*Task requirements*.
Every line below from the one containing "q \<le> exp" through the one containing "add: exp_of_nat_mult[symmetric] mult.commute)" must be transcribed exactly. Omit all lines outside that stretch.

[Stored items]
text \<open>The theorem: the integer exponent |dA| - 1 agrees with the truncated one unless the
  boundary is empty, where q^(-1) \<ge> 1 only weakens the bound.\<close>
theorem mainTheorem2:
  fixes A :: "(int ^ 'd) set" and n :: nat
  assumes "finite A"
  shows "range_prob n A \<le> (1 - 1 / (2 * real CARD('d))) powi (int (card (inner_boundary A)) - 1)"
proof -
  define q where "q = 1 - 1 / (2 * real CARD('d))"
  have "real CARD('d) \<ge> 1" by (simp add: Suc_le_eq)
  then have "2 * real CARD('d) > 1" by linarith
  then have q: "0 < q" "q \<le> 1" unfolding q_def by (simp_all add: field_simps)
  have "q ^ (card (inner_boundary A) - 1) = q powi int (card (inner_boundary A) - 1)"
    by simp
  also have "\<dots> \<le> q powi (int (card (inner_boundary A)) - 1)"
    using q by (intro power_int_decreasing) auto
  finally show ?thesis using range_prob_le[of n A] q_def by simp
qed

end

==

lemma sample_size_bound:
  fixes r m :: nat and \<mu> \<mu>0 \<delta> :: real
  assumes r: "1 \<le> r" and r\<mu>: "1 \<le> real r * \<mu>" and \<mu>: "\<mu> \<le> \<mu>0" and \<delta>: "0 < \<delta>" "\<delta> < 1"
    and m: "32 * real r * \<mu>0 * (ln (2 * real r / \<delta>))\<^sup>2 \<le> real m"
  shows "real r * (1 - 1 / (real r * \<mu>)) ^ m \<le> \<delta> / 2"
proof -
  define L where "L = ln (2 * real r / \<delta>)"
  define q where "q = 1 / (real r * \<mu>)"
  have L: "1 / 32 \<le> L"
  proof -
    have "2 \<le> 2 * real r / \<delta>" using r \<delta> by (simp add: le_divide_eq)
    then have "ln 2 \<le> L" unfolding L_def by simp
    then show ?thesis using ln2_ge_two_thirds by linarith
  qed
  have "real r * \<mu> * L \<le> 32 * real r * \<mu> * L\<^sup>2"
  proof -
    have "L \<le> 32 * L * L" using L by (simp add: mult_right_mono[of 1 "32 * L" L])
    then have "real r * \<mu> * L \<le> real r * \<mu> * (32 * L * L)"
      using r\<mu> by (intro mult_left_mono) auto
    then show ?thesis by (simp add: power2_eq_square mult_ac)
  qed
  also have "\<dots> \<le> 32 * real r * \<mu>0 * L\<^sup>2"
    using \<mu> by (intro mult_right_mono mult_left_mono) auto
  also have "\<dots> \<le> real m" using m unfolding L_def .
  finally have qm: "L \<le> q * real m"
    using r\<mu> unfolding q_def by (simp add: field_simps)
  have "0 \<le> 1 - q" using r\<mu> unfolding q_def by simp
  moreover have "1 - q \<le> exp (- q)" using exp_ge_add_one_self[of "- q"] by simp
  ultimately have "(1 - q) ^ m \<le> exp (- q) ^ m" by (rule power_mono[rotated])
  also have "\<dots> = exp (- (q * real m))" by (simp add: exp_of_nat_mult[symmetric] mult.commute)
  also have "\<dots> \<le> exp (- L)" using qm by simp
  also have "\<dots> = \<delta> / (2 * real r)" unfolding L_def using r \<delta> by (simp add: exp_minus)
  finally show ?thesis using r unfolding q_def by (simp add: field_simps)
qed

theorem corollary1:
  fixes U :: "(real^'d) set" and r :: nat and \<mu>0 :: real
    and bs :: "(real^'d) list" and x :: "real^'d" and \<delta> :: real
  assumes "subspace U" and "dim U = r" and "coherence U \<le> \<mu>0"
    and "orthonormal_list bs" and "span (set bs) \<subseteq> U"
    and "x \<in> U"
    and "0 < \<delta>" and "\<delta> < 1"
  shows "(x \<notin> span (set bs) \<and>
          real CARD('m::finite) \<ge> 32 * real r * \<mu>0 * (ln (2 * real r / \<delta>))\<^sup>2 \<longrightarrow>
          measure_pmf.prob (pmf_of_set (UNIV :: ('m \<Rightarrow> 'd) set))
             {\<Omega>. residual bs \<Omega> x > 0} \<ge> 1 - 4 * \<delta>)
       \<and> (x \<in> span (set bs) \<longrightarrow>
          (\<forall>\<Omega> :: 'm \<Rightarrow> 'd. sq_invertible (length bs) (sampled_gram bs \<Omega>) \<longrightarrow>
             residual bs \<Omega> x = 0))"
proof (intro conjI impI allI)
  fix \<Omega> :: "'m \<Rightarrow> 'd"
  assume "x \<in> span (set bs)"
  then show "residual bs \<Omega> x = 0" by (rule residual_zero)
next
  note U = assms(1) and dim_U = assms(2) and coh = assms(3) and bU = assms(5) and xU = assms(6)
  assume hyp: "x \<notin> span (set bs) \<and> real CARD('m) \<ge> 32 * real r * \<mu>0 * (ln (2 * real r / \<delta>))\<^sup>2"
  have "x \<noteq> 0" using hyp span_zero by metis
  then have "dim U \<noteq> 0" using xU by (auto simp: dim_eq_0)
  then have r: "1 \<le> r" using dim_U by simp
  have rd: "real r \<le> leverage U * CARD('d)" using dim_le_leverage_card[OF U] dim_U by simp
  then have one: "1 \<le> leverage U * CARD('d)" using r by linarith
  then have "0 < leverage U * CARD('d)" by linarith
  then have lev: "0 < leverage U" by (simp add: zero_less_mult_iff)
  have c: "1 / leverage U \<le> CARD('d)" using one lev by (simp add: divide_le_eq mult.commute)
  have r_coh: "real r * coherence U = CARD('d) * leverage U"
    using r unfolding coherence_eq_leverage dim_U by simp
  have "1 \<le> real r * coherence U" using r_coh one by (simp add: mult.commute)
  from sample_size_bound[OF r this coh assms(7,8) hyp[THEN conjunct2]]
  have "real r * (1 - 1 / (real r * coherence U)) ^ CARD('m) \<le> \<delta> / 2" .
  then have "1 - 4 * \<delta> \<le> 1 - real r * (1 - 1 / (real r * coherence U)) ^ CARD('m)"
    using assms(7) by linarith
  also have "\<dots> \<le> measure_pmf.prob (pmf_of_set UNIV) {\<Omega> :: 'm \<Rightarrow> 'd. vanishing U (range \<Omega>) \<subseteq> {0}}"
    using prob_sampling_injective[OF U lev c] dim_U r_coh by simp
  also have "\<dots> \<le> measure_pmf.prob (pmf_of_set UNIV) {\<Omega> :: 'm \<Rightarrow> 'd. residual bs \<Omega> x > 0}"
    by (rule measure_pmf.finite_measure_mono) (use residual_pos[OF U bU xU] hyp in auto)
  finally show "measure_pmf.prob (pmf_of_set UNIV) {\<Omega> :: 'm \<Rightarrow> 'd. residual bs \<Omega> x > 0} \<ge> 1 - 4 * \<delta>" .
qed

*Exercise response*.
  moreover have "1 - q \<le> exp (- q)" using exp_ge_add_one_self[of "- q"] by simp
  ultimately have "(1 - q) ^ m \<le> exp (- q) ^ m" by (rule power_mono[rotated])
  also have "\<dots> = exp (- (q * real m))" by (simp add: exp_of_nat_mult[symmetric] mult.commute)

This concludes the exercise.